What is needed:
Return the following from the records below: each line, word for word, starting with the line that contains "(if r = 0 then c" and going on through the line that contains "with \<open>j \<in>", with nothing outside that range.
★ ★ ★ ★ ★ ★ ★
lemma of_nat_sc_coef_low:
  assumes "CHAR('a::semiring_1) = p" "prime p" "t < p ^ u"
  shows "(of_nat (sc_coef m (p ^ u * k) t h) :: 'a) = (if h = p ^ u * k + t then 1 else 0)"
proof (cases "max (p ^ u * k) t \<le> h \<and> h \<le> p ^ u * k + t")
  case True
  then obtain r where r: "h = r + p ^ u * k" "r \<le> t"
    by (metis add.commute le_add_diff_inverse max.bounded_iff nat_add_left_cancel_le)
  then have "r < p ^ u"
    using assms(3) by simp
  note lucas = of_nat_choose_lucas[OF assms(1,2) this]
  have "(of_nat (h choose (p ^ u * k)) :: 'a) = 1"
    using lucas[of 0 k k] r prime_gt_0_nat[OF assms(2)] by simp
  moreover have "(of_nat (h choose t) :: 'a) = of_nat (r choose t)"
    using lucas[OF assms(3), of k 0] r by simp
  moreover have "r < t \<Longrightarrow> (of_nat (r choose t) :: 'a) = 0"
    by (simp add: binomial_eq_0)
  ultimately show ?thesis
    using r unfolding sc_coef_def by (cases "r = t") (auto simp: add.commute)
qed (auto simp: sc_coef_def)

lemma of_nat_sc_coef_blocks_in_range:
  assumes "CHAR('a::semiring_1) = p" "prime p" "r < p ^ u"
    and "max (p ^ u * a) (p ^ u * b) \<le> r + p ^ u * q" "r + p ^ u * q \<le> p ^ u * a + p ^ u * b"
  shows "(of_nat (sc_coef m (p ^ u * a) (p ^ u * b) (r + p ^ u * q)) :: 'a) =
    of_nat (q choose a) * of_nat (q choose b) *
    (if r = 0 then of_nat ((m div p ^ u + a + b) choose (a + b - q))
     else of_nat (m mod p ^ u choose (p ^ u - r)) * of_nat ((m div p ^ u + a + b) choose (a + b - q - 1)))"
proof -
  define U where "U = p ^ u"
  have "0 < U"
    using prime_gt_0_nat[OF assms(2)] unfolding U_def by simp
  have "r < U" "m mod U < U"
    using assms(3) \<open>0 < U\<close> unfolding U_def by simp_all
  note lucas = of_nat_choose_lucas[OF assms(1,2), of _ u, folded U_def]
  have top: "m + U * a + U * b = m mod U + U * (m div U + a + b)"
    by (simp add: algebra_simps)
  have "(of_nat (sc_coef m (U * a) (U * b) (r + U * q)) :: 'a) =
      of_nat (q choose a) * of_nat (q choose b) *
      of_nat ((m mod U + U * (m div U + a + b)) choose (U * a + U * b - (r + U * q)))"
    using assms(4,5) lucas[OF \<open>r < U\<close> \<open>0 < U\<close>, of q a] lucas[OF \<open>r < U\<close> \<open>0 < U\<close>, of q b]
    unfolding sc_coef_def top U_def[symmetric] by simp
  also have "\<dots> = of_nat (q choose a) * of_nat (q choose b) *
    (if r = 0 then of_nat ((m div U + a + b) choose (a + b - q))
     else of_nat (m mod U choose (U - r)) * of_nat ((m div U + a + b) choose (a + b - q - 1)))"
  proof (cases "r = 0")
    case True
    then have "U * a + U * b - (r + U * q) = 0 + U * (a + b - q)"
      by (simp add: diff_mult_distrib2 distrib_left)
    then show ?thesis
      using True lucas[OF \<open>m mod U < U\<close> \<open>0 < U\<close>] by simp
  next
    case False
    then have "U * q < U * (a + b)"
      using assms(5) unfolding U_def[symmetric] by (simp add: distrib_left)
    then obtain k where "a + b = q + 1 + k"
      using less_imp_Suc_add by fastforce
    then have "U * a + U * b = U + U * k + U * q"
      by (simp add: algebra_simps flip: distrib_left)
    then have "U * a + U * b - (r + U * q) = (U - r) + U * (a + b - q - 1)"
      using \<open>a + b = q + 1 + k\<close> \<open>r < U\<close> by simp
    moreover have "U - r < U"
      using False \<open>0 < U\<close> by simp
    ultimately show ?thesis
      using False lucas[OF \<open>m mod U < U\<close>] by simp
  qed
  finally show ?thesis
    unfolding U_def .
qed

lemma of_nat_sc_coef_blocks:
  assumes "CHAR('a::semiring_1) = p" "prime p" "r < p ^ u"
  shows "(of_nat (sc_coef m (p ^ u * a) (p ^ u * b) (r + p ^ u * q)) :: 'a) =
    of_nat (q choose a) * of_nat (q choose b) *
    (if r = 0 then
       (if q \<le> a + b then of_nat ((m div p ^ u + a + b) choose (a + b - q)) else 0)
     else if q < a + b then
       of_nat (m mod p ^ u choose (p ^ u - r)) * of_nat ((m div p ^ u + a + b) choose (a + b - q - 1))
     else 0)"
    (is "?lhs = ?rhs")
proof (cases "max (p ^ u * a) (p ^ u * b) \<le> r + p ^ u * q \<and> r + p ^ u * q \<le> p ^ u * a + p ^ u * b")
  case True
  have "0 < p ^ u"
    using prime_gt_0_nat[OF assms(2)] by simp
  moreover have "p ^ u * q \<le> p ^ u * (a + b)" "r \<noteq> 0 \<Longrightarrow> p ^ u * q < p ^ u * (a + b)"
    using True by (simp_all add: distrib_left)
  ultimately have "q \<le> a + b" "r \<noteq> 0 \<Longrightarrow> q < a + b"
    by simp_all
  then show ?thesis
    using of_nat_sc_coef_blocks_in_range[OF assms] True by auto
next
  case False
  then consider "r + p ^ u * q < p ^ u * a" | "r + p ^ u * q < p ^ u * b"
    | "p ^ u * (a + b) < r + p ^ u * q"
    by (auto simp: distrib_left)
  then have "?rhs = 0"
  proof cases
    case 1
    then have "q < a"
      by (metis add_lessD1 add.commute nat_mult_less_cancel_disj)
    then show ?thesis
      by (simp add: binomial_eq_0)
  next
    case 2
    then have "q < b"
      by (metis add_lessD1 add.commute nat_mult_less_cancel_disj)
    then show ?thesis
      by (simp add: binomial_eq_0)
  next
    case 3
    have "a + b \<le> q"
    proof (rule ccontr)
      assume "\<not> a + b \<le> q"
      then have "p ^ u * (q + 1) \<le> p ^ u * (a + b)"
        by (intro mult_le_mono2) simp
      then show False
        using 3 assms(3) by (simp add: algebra_simps)
    qed
    moreover have "r = 0 \<Longrightarrow> a + b < q"
      using 3 by simp
    ultimately show ?thesis
      by auto
  qed
  moreover have "sc_coef m (p ^ u * a) (p ^ u * b) (r + p ^ u * q) = 0"
    using False unfolding sc_coef_def by auto
  ultimately show ?thesis
    by simp
qed

lemma add_mult_eq_add_mult_iff:
  fixes n :: nat
  assumes "r < n" "s < n"
  shows "r + n * q = s + n * k \<longleftrightarrow> r = s \<and> q = k"
proof
  assume eq: "r + n * q = s + n * k"
  have "r = s"
    using arg_cong[OF eq, of "\<lambda>x. x mod n"] assms by simp
  moreover have "q = k"
    using arg_cong[OF eq, of "\<lambda>x. x div n"] assms by simp
  ultimately show "r = s \<and> q = k" ..
qed simp

lemma ext_mod_div:
  fixes f g :: "nat \<Rightarrow> 'b"
  assumes "0 < n" "\<And>q r. r < n \<Longrightarrow> f (r + n * q) = g (r + n * q)"
  shows "f = g"
proof
  fix h
  show "f h = g h"
    using assms(2)[of "h mod n" "h div n"] assms(1) by simp
qed

lemma sb_mod_div:
  assumes "r < n" "n * k \<le> l2"
  shows "(sb l2 (n * k) (r + n * q) :: 'a::field) = (if r = 0 \<and> q = k then 1 else 0)"
  using add_mult_eq_add_mult_iff[OF assms(1), of 0 q k] assms by (auto simp: sb_def)

lemma smul_sb_left:
  assumes "a \<le> l2"
  shows "smul m l2 (sb l2 a) y h =
    (if h \<le> l2 then (\<Sum>j\<le>l2. y j * of_nat (sc_coef m a j h)) else (0::'a::field))"
proof -
  have "(\<Sum>i\<le>l2. \<Sum>j\<le>l2. sb l2 a i * y j * (of_nat (sc_coef m i j h) :: 'a)) =
      (\<Sum>i\<le>l2. if i = a then (\<Sum>j\<le>l2. y j * of_nat (sc_coef m a j h)) else 0)"
    by (rule sum.cong) (auto simp: sb_def assms)
  then show ?thesis
    using assms unfolding smul_def by simp
qed

lemma smul_sb_sb:
  assumes "a \<le> l2" "b \<le> l2"
  shows "smul m l2 (sb l2 a) (sb l2 b) h =
    (if h \<le> l2 then of_nat (sc_coef m a b h) else (0::'a::field))"
proof -
  have "(\<Sum>j\<le>l2. (sb l2 b j :: 'a) * of_nat (sc_coef m a j h)) =
      (\<Sum>j\<le>l2. if j = b then of_nat (sc_coef m a b h) else 0)"
    by (rule sum.cong) (auto simp: sb_def)
  then show ?thesis
    using assms by (simp add: smul_sb_left)
qed

lemma psi_apply:
  assumes "3 ^ u \<le> l2"
  shows "(psi m u l2 j :: 'a::field) =
    (if 0 < j \<and> j < 3 ^ u then of_nat (mlow m u choose (3 ^ u - j)) else 0)"
proof -
  have "(psi m u l2 j :: 'a) =
      (\<Sum>t\<in>{1..3 ^ u - 1}. if j = t then of_nat (mlow m u choose (3 ^ u - t)) else 0)"
    unfolding psi_def by (rule sum.cong) (use assms in \<open>auto simp: sb_def\<close>)
  then show ?thesis
    by (auto simp: sum.delta)
qed

lemma smul_sb_one_plus_psi:
  assumes "CHAR('a::field) = 3" "3 ^ u * k \<le> l2" "3 ^ u \<le> l2" "r < 3 ^ u"
  shows "smul m l2 (sb l2 (3 ^ u * k)) (\<lambda>j. c * sone l2 j + d * psi m u l2 j) (r + 3 ^ u * q) =
    (if r + 3 ^ u * q \<le> l2 \<and> q = k then
       (if r = 0 then c else d * of_nat (mlow m u choose (3 ^ u - r)))
     else (0::'a))"
proof -
  define y where "y = (\<lambda>j. c * sone l2 j + d * (psi m u l2 j :: 'a))"
  have y: "y j = (if j = 0 then c else if j < 3 ^ u then d * of_nat (mlow m u choose (3 ^ u - j)) else 0)" for j
    using assms(3) by (simp add: y_def psi_apply sone_def sb_def)
  have "(\<Sum>j\<le>l2. y j * of_nat (sc_coef m (3 ^ u * k) j (r + 3 ^ u * q))) =
      (\<Sum>j<3 ^ u. y j * of_nat (sc_coef m (3 ^ u * k) j (r + 3 ^ u * q)))"
    by (rule sum.mono_neutral_right) (use assms(3) in \<open>auto simp: y\<close>)
  also have "\<dots> = (\<Sum>j<3 ^ u. if j = r \<and> q = k then y j else 0)"
  proof (rule sum.cong)
    fix j :: nat assume "j \<in> {..<3 ^ u}"
    then have "r + 3 ^ u * q = 3 ^ u * k + j \<longleftrightarrow> j = r \<and> q = k"
      using add_mult_eq_add_mult_iff[OF assms(4), of j q k] by auto
    with \<open>j \<in> {..<3 ^ u}\<close>
    show "y j * of_nat (sc_coef m (3 ^ u * k) j (r + 3 ^ u * q)) = (if j = r \<and> q = k then y j else 0)"
      by (simp add: of_nat_sc_coef_low[OF assms(1)])
  qed simp
  also have "\<dots> = (if q = k then y r else 0)"
    using assms(4) by (simp add: sum.delta)
  finally have sum: "(\<Sum>j\<le>l2. y j * of_nat (sc_coef m (3 ^ u * k) j (r + 3 ^ u * q))) =
      (if q = k then y r else 0)" .
  show ?thesis
    unfolding y_def[symmetric] smul_sb_left[OF assms(2)] sum using y[of r] assms(4) by auto
qed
★ ★ ★ ★ ★ ★ ★
Answer section:
       (if r = 0 then c else d * of_nat (mlow m u choose (3 ^ u - r)))
     else (0::'a))"
proof -
  define y where "y = (\<lambda>j. c * sone l2 j + d * (psi m u l2 j :: 'a))"
  have y: "y j = (if j = 0 then c else if j < 3 ^ u then d * of_nat (mlow m u choose (3 ^ u - j)) else 0)" for j
    using assms(3) by (simp add: y_def psi_apply sone_def sb_def)
  have "(\<Sum>j\<le>l2. y j * of_nat (sc_coef m (3 ^ u * k) j (r + 3 ^ u * q))) =
      (\<Sum>j<3 ^ u. y j * of_nat (sc_coef m (3 ^ u * k) j (r + 3 ^ u * q)))"
    by (rule sum.mono_neutral_right) (use assms(3) in \<open>auto simp: y\<close>)
  also have "\<dots> = (\<Sum>j<3 ^ u. if j = r \<and> q = k then y j else 0)"
  proof (rule sum.cong)
    fix j :: nat assume "j \<in> {..<3 ^ u}"
    then have "r + 3 ^ u * q = 3 ^ u * k + j \<longleftrightarrow> j = r \<and> q = k"
      using add_mult_eq_add_mult_iff[OF assms(4), of j q k] by auto
    with \<open>j \<in> {..<3 ^ u}\<close>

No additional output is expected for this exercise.